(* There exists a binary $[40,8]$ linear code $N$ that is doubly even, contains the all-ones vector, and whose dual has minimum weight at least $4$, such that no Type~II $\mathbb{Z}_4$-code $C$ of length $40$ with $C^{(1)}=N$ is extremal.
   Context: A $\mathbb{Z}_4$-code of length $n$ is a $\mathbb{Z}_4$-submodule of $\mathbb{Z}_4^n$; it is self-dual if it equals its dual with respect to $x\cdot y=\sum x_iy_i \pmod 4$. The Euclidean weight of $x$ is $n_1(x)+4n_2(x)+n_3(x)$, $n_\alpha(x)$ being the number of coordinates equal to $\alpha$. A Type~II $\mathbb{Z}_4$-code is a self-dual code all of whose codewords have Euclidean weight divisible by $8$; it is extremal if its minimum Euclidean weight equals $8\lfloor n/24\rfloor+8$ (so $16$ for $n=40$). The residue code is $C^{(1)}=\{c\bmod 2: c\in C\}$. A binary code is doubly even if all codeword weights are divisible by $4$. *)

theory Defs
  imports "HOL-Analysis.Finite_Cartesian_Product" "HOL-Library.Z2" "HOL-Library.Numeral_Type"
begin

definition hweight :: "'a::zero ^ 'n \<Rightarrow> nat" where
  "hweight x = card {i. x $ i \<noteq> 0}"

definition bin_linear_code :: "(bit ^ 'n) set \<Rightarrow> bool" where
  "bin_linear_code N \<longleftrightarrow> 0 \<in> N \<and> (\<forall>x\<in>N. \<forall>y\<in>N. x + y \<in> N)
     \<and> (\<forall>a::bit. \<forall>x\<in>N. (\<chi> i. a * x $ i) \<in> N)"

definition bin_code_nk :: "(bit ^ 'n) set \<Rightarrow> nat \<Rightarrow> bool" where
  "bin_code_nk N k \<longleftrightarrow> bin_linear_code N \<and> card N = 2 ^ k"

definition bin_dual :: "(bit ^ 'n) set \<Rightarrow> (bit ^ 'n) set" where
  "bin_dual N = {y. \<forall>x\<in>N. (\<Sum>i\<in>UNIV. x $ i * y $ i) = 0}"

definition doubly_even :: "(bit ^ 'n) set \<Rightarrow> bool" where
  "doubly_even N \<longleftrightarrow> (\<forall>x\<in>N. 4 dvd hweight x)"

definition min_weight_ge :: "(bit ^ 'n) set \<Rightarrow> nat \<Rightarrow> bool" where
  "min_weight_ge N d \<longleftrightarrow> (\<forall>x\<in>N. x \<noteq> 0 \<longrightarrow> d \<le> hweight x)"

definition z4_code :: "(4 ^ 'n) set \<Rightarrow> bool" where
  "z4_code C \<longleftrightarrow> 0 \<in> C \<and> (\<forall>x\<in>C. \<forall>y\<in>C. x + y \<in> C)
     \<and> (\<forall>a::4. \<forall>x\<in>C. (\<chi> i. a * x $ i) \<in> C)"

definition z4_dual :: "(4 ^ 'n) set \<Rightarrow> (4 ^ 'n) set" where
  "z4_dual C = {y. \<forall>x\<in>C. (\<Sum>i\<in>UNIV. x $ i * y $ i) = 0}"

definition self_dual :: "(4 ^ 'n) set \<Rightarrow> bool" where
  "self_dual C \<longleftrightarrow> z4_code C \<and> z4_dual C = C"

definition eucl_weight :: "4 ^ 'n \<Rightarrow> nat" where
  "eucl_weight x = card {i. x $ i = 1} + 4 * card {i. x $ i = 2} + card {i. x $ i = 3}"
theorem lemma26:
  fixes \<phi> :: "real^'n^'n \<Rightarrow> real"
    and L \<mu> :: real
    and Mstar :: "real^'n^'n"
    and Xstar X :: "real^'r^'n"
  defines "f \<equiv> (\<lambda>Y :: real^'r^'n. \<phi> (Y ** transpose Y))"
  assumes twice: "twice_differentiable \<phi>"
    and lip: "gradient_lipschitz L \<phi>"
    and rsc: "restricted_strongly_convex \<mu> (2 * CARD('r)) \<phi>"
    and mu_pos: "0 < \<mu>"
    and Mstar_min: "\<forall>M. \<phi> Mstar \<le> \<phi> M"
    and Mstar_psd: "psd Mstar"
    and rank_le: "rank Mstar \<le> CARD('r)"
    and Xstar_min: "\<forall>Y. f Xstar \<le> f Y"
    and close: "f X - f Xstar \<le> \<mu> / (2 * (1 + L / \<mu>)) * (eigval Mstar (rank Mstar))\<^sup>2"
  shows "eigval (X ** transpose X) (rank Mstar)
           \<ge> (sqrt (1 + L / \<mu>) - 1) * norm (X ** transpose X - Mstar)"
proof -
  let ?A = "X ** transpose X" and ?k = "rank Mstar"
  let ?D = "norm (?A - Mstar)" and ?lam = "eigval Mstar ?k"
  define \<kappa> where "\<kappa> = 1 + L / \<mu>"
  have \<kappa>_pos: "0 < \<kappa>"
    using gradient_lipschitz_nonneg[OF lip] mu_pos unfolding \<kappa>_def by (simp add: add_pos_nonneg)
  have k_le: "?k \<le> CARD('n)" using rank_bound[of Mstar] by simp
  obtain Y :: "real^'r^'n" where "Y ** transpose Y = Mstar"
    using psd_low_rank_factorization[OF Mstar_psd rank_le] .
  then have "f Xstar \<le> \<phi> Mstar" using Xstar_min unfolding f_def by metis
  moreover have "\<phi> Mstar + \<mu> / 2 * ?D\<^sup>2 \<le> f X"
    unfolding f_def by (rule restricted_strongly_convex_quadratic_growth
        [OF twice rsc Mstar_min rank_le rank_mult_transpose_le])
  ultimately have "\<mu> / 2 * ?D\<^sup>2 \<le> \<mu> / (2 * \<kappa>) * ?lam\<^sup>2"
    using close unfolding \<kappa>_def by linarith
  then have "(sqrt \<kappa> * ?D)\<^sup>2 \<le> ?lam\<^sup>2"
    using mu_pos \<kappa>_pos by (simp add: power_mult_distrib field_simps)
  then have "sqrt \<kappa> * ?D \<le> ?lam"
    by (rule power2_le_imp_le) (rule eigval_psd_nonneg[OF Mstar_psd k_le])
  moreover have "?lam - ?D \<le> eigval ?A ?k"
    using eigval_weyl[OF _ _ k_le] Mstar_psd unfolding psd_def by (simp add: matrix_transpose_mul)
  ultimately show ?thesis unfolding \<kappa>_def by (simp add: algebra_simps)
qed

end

══════════════════════════════

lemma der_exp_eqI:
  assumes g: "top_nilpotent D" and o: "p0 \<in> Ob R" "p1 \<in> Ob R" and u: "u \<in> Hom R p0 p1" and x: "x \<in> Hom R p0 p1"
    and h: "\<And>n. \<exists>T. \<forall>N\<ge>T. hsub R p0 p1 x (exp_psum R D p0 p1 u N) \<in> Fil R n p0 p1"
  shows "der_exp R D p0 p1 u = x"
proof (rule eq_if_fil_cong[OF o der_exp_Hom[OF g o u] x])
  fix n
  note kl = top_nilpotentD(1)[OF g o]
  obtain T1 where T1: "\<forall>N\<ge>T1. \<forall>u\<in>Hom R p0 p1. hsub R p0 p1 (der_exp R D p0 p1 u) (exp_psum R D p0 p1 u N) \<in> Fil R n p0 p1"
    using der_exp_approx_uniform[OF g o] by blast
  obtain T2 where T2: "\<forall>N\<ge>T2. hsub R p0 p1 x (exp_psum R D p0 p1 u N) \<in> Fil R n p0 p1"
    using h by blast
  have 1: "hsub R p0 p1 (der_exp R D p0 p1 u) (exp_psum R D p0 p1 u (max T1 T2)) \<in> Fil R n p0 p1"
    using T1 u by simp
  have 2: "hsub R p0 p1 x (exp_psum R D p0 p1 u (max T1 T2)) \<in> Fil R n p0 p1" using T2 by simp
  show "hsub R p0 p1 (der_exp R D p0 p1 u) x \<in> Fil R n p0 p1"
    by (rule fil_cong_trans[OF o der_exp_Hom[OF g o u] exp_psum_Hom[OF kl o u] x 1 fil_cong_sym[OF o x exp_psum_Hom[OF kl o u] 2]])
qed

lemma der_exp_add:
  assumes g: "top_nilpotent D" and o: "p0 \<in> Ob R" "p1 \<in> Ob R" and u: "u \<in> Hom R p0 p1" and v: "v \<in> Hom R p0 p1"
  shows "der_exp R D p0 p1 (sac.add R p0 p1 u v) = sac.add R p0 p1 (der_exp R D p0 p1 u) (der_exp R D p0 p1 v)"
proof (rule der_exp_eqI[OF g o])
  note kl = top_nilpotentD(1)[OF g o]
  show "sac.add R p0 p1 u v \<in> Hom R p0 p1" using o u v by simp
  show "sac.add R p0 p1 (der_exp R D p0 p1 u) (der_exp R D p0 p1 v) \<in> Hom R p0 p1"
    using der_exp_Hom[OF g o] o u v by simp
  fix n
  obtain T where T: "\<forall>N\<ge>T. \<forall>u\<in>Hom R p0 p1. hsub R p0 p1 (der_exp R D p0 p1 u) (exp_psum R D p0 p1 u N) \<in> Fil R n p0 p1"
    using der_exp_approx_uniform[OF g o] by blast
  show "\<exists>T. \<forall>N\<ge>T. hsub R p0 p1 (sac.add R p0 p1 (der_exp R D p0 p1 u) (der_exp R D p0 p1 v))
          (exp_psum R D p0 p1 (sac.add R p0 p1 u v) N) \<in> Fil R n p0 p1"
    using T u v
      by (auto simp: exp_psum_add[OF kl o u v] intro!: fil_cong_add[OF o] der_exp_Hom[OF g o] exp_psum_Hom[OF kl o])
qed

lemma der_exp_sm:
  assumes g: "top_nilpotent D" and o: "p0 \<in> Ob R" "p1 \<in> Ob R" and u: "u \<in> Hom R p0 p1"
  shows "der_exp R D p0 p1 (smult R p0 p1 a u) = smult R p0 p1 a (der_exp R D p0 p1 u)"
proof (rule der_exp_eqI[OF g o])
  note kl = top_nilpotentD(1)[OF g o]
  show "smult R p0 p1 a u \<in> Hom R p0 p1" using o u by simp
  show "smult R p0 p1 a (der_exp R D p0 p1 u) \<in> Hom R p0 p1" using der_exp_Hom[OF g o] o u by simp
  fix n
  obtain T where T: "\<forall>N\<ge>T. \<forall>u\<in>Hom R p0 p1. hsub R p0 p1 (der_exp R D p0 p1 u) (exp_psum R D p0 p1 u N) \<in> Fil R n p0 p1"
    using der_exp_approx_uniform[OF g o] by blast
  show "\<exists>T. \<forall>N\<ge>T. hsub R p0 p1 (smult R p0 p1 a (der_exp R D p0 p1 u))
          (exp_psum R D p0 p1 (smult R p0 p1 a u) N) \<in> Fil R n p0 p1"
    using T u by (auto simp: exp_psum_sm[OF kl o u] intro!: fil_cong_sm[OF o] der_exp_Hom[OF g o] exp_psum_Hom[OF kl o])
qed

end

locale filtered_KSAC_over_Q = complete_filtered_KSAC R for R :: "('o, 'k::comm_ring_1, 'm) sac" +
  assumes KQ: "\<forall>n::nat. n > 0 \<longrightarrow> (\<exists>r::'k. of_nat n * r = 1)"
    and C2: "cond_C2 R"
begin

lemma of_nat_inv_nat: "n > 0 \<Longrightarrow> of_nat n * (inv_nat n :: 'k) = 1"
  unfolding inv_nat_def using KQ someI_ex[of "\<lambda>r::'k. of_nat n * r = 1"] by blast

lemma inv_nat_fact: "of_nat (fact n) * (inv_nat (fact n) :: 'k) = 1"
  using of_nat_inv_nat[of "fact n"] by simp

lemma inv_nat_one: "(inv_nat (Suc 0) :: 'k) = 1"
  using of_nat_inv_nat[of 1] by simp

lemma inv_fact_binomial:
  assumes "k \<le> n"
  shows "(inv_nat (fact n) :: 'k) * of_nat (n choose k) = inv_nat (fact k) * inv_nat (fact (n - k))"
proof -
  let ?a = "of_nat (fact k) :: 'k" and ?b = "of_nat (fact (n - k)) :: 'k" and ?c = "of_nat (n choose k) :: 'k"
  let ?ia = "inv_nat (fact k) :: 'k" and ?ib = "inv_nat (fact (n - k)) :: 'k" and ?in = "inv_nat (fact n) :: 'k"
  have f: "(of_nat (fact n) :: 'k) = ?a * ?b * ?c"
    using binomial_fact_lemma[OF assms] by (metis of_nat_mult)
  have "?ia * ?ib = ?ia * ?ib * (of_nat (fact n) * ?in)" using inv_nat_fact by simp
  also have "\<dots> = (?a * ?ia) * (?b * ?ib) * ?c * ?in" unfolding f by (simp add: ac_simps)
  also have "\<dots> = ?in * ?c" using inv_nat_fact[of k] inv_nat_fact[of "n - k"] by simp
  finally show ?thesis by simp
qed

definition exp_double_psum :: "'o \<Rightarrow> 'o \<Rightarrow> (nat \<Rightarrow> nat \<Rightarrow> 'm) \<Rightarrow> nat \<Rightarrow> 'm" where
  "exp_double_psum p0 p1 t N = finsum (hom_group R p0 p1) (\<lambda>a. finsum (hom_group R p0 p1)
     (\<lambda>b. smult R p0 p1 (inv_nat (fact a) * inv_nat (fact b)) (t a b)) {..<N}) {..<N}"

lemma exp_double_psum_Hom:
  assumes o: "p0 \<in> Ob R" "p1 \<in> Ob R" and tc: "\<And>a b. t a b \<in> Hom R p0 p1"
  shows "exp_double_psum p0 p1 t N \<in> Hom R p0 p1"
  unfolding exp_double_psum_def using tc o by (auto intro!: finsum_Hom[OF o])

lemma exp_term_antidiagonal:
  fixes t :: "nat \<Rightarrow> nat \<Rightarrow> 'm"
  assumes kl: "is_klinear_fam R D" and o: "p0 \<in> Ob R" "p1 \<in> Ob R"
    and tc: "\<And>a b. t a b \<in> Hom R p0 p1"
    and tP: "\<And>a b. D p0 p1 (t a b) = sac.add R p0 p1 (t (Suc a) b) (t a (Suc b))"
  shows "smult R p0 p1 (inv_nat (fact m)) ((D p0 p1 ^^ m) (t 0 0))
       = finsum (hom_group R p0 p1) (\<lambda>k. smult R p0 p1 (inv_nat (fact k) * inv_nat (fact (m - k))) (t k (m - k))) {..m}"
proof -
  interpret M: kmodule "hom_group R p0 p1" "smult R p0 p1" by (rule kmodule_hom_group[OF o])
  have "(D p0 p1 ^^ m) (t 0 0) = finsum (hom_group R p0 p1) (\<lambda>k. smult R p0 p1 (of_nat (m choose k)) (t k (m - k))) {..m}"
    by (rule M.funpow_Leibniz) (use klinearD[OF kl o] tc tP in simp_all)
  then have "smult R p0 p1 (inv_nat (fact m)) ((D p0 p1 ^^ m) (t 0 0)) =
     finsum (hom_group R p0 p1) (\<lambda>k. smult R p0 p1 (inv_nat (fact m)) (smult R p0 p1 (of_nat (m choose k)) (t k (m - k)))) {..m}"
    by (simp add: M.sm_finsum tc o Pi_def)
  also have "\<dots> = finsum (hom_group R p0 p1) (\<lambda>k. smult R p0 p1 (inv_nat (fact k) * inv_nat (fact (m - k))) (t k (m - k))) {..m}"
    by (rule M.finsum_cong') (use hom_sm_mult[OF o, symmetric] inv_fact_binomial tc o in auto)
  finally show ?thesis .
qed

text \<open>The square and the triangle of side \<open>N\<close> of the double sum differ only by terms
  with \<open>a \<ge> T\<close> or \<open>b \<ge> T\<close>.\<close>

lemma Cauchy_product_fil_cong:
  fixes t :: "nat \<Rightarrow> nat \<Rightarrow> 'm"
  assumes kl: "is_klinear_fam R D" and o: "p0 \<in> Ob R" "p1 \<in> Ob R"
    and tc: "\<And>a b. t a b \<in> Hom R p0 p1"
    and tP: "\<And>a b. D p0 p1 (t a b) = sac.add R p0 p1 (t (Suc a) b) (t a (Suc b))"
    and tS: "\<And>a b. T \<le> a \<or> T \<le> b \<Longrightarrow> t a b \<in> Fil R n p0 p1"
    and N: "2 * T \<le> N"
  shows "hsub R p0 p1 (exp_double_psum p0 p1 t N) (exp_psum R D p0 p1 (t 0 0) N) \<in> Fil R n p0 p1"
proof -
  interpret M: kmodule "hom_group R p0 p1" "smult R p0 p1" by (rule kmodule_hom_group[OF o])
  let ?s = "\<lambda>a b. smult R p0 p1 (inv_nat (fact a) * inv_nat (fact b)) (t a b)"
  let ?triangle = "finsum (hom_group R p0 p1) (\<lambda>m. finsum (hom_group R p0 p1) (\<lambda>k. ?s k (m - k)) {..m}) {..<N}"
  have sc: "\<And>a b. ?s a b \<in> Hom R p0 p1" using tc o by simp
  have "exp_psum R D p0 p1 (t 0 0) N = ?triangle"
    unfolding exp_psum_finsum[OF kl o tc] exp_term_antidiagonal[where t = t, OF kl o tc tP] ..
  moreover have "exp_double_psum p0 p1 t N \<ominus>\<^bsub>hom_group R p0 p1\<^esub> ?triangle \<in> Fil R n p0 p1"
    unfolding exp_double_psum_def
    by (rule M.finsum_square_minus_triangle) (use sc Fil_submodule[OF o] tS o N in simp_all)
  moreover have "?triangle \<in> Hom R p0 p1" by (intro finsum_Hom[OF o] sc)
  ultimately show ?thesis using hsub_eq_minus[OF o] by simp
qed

══════════════════════════════

The answer should be a number alone: how many lines of the entries hold the word "thesis"?

▸ Answer space
4